Dataset entries
»»

(* Assume $F$ is $K$-smooth with $\ell\in\mathrm{int}(K)$ and strongly $K$-convex with $\mu\in\mathrm{int}(K)$. Let $\{x^k\}$ be generated by Algorithm 6 where, for each $k\ge1$, $e_k:=\frac{(JF(x^k)-JF(x^{k-1}))(x^k-x^{k-1})}{\|x^k-x^{k-1}\|^2}$ (and $e_0\in\mathrm{int}(K)$ arbitrary), assumed not to terminate. Then for every $k\ge1$: (i) $\mu\preceq_K e_k\preceq_K\ell$ (in particular $e_k\in\mathrm{int}(K)$); (ii) $t_k\ge\min_{c^*\in C_e}\gamma\langle c^*,e_k\rangle/\langle c^*,\ell\rangle$.
   Context: $K\subset\mathbb{R}^m$ closed convex pointed cone with nonempty interior; $y\preceq_K y'$ iff $y'-y\in K$. $K^*=\{c:\langle c,y\rangle\ge0\ \forall y\in K\}$; for $e\in\mathrm{int}(K)$, $C_e:=\{c^*\in K^*:\langle c^*,e\rangle=1\}$. $F:\mathbb{R}^n\to\mathbb{R}^m$ differentiable with Jacobian $JF$. Strongly $K$-convex with $\mu$: $JF(x)(y-x)+\tfrac12\|y-x\|^2\mu\preceq_K F(y)-F(x)$ $\forall x,y$; $K$-smooth with $\ell$: $F(y)-F(x)\preceq_K JF(x)(y-x)+\tfrac12\|y-x\|^2\ell$ $\forall x,y$. Algorithm 6: given $x^0$, $\gamma\in(0,1)$, for $k=0,1,\dots$: choose $e_k\in\mathrm{int}(K)$; $d^k:=\arg\min_d\max_{c^*\in C_e}\langle c^*,JF(x^k)d+\tfrac12\|d\|^2e_k\rangle$; if $d^k=0$ stop; otherwise $t_k:=\max\{\gamma^j:j\in\mathbb{N},\ F(x^k+\gamma^jd^k)-F(x^k)\preceq_K\gamma^j(JF(x^k)d^k+\tfrac12\|d^k\|^2e_k)\}$, $x^{k+1}:=x^k+t_kd^k$. *)

theory Defs
  imports "HOL-Analysis.Analysis"
begin

definition proper_cone :: "'b::euclidean_space set \<Rightarrow> bool" where
  "proper_cone K \<longleftrightarrow> closed K \<and> convex K \<and> cone K \<and>
     (\<forall>y. y \<in> K \<and> - y \<in> K \<longrightarrow> y = 0) \<and> interior K \<noteq> {}"

definition kle :: "'b::real_vector set \<Rightarrow> 'b \<Rightarrow> 'b \<Rightarrow> bool" where
  "kle K y y' \<longleftrightarrow> y' - y \<in> K"

definition dual_cone :: "'b::real_inner set \<Rightarrow> 'b set" where
  "dual_cone K = {c. \<forall>y\<in>K. 0 \<le> c \<bullet> y}"

definition Cset :: "'b::real_inner set \<Rightarrow> 'b \<Rightarrow> 'b set" where
  "Cset K e = {c \<in> dual_cone K. c \<bullet> e = 1}"

definition strongly_K_convex ::
  "'b::euclidean_space set \<Rightarrow> ('a::euclidean_space \<Rightarrow> 'b) \<Rightarrow> ('a \<Rightarrow> 'a \<Rightarrow> 'b) \<Rightarrow> 'b \<Rightarrow> bool" where
  "strongly_K_convex K F JF \<mu> \<longleftrightarrow>
     (\<forall>x y. kle K (JF x (y - x) + ((1/2) * (norm (y - x))\<^sup>2) *\<^sub>R \<mu>) (F y - F x))"

definition K_smooth ::
  "'b::euclidean_space set \<Rightarrow> ('a::euclidean_space \<Rightarrow> 'b) \<Rightarrow> ('a \<Rightarrow> 'a \<Rightarrow> 'b) \<Rightarrow> 'b \<Rightarrow> bool" where
  "K_smooth K F JF l \<longleftrightarrow>
     (\<forall>x y. kle K (F y - F x) (JF x (y - x) + ((1/2) * (norm (y - x))\<^sup>2) *\<^sub>R l))"

definition dir_obj ::
  "'b::euclidean_space set \<Rightarrow> 'b \<Rightarrow> ('a::euclidean_space \<Rightarrow> 'b) \<Rightarrow> 'b \<Rightarrow> 'a \<Rightarrow> real" where
  "dir_obj K e A ek d = (SUP c\<in>Cset K e. c \<bullet> (A d + ((1/2) * (norm d)\<^sup>2) *\<^sub>R ek))"

definition armijo_set ::
  "'b::euclidean_space set \<Rightarrow> ('a::euclidean_space \<Rightarrow> 'b) \<Rightarrow> ('a \<Rightarrow> 'a \<Rightarrow> 'b) \<Rightarrow> real \<Rightarrow> 'a \<Rightarrow> 'a \<Rightarrow> 'b \<Rightarrow> real set" where
  "armijo_set K F JF \<gamma> x d ek =
     {\<gamma> ^ j | j. kle K (F (x + (\<gamma> ^ j) *\<^sub>R d) - F x)
                       ((\<gamma> ^ j) *\<^sub>R (JF x d + ((1/2) * (norm d)\<^sup>2) *\<^sub>R ek))}"

end

theory Submission
  imports Defs
begin

text \<open>
  Writing \<open>v = x\<^sub>k - x\<^sub>k\<^sub>-\<^sub>1\<close>, adding the strong \<open>K\<close>-convexity inequalities for the pairs
  \<open>(x\<^sub>k\<^sub>-\<^sub>1, x\<^sub>k)\<close> and \<open>(x\<^sub>k, x\<^sub>k\<^sub>-\<^sub>1)\<close> cancels the function values and leaves
  \<open>\<parallel>v\<parallel>\<^sup>2 \<mu> \<preceq>\<^sub>K (JF(x\<^sub>k) - JF(x\<^sub>k\<^sub>-\<^sub>1)) v\<close>; the same with \<open>K\<close>-smoothness gives the upper bound
  by \<open>\<parallel>v\<parallel>\<^sup>2 \<ell>\<close>. For (ii), \<open>K\<close>-smoothness shows that the Armijo condition holds for
  every step \<open>s\<close> with \<open>s \<ell> \<preceq>\<^sub>K e\<^sub>k\<close>, and by the bipolar theorem (\<open>K\<close> is closed) this is
  the case as soon as \<open>s \<le> \<langle>c\<^sup>*, e\<^sub>k\<rangle> / \<langle>c\<^sup>*, \<ell>\<rangle>\<close> for all \<open>c\<^sup>* \<in> C\<^sub>e\<close>. Backtracking stops
  at the first power of \<open>\<gamma>\<close> below that threshold, hence at most a factor \<open>\<gamma>\<close> too early.
\<close>


lemma proper_cone_imp_convex_cone: "proper_cone K \<Longrightarrow> convex_cone K"
  unfolding proper_cone_def convex_cone_def conic_def cone_def
  using interior_subset by blast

««

YOUR INSTRUCTIONS
Count how many lines in the records hold the string "parallel"; reply with the number alone.

OUTPUT OF THE TASK
2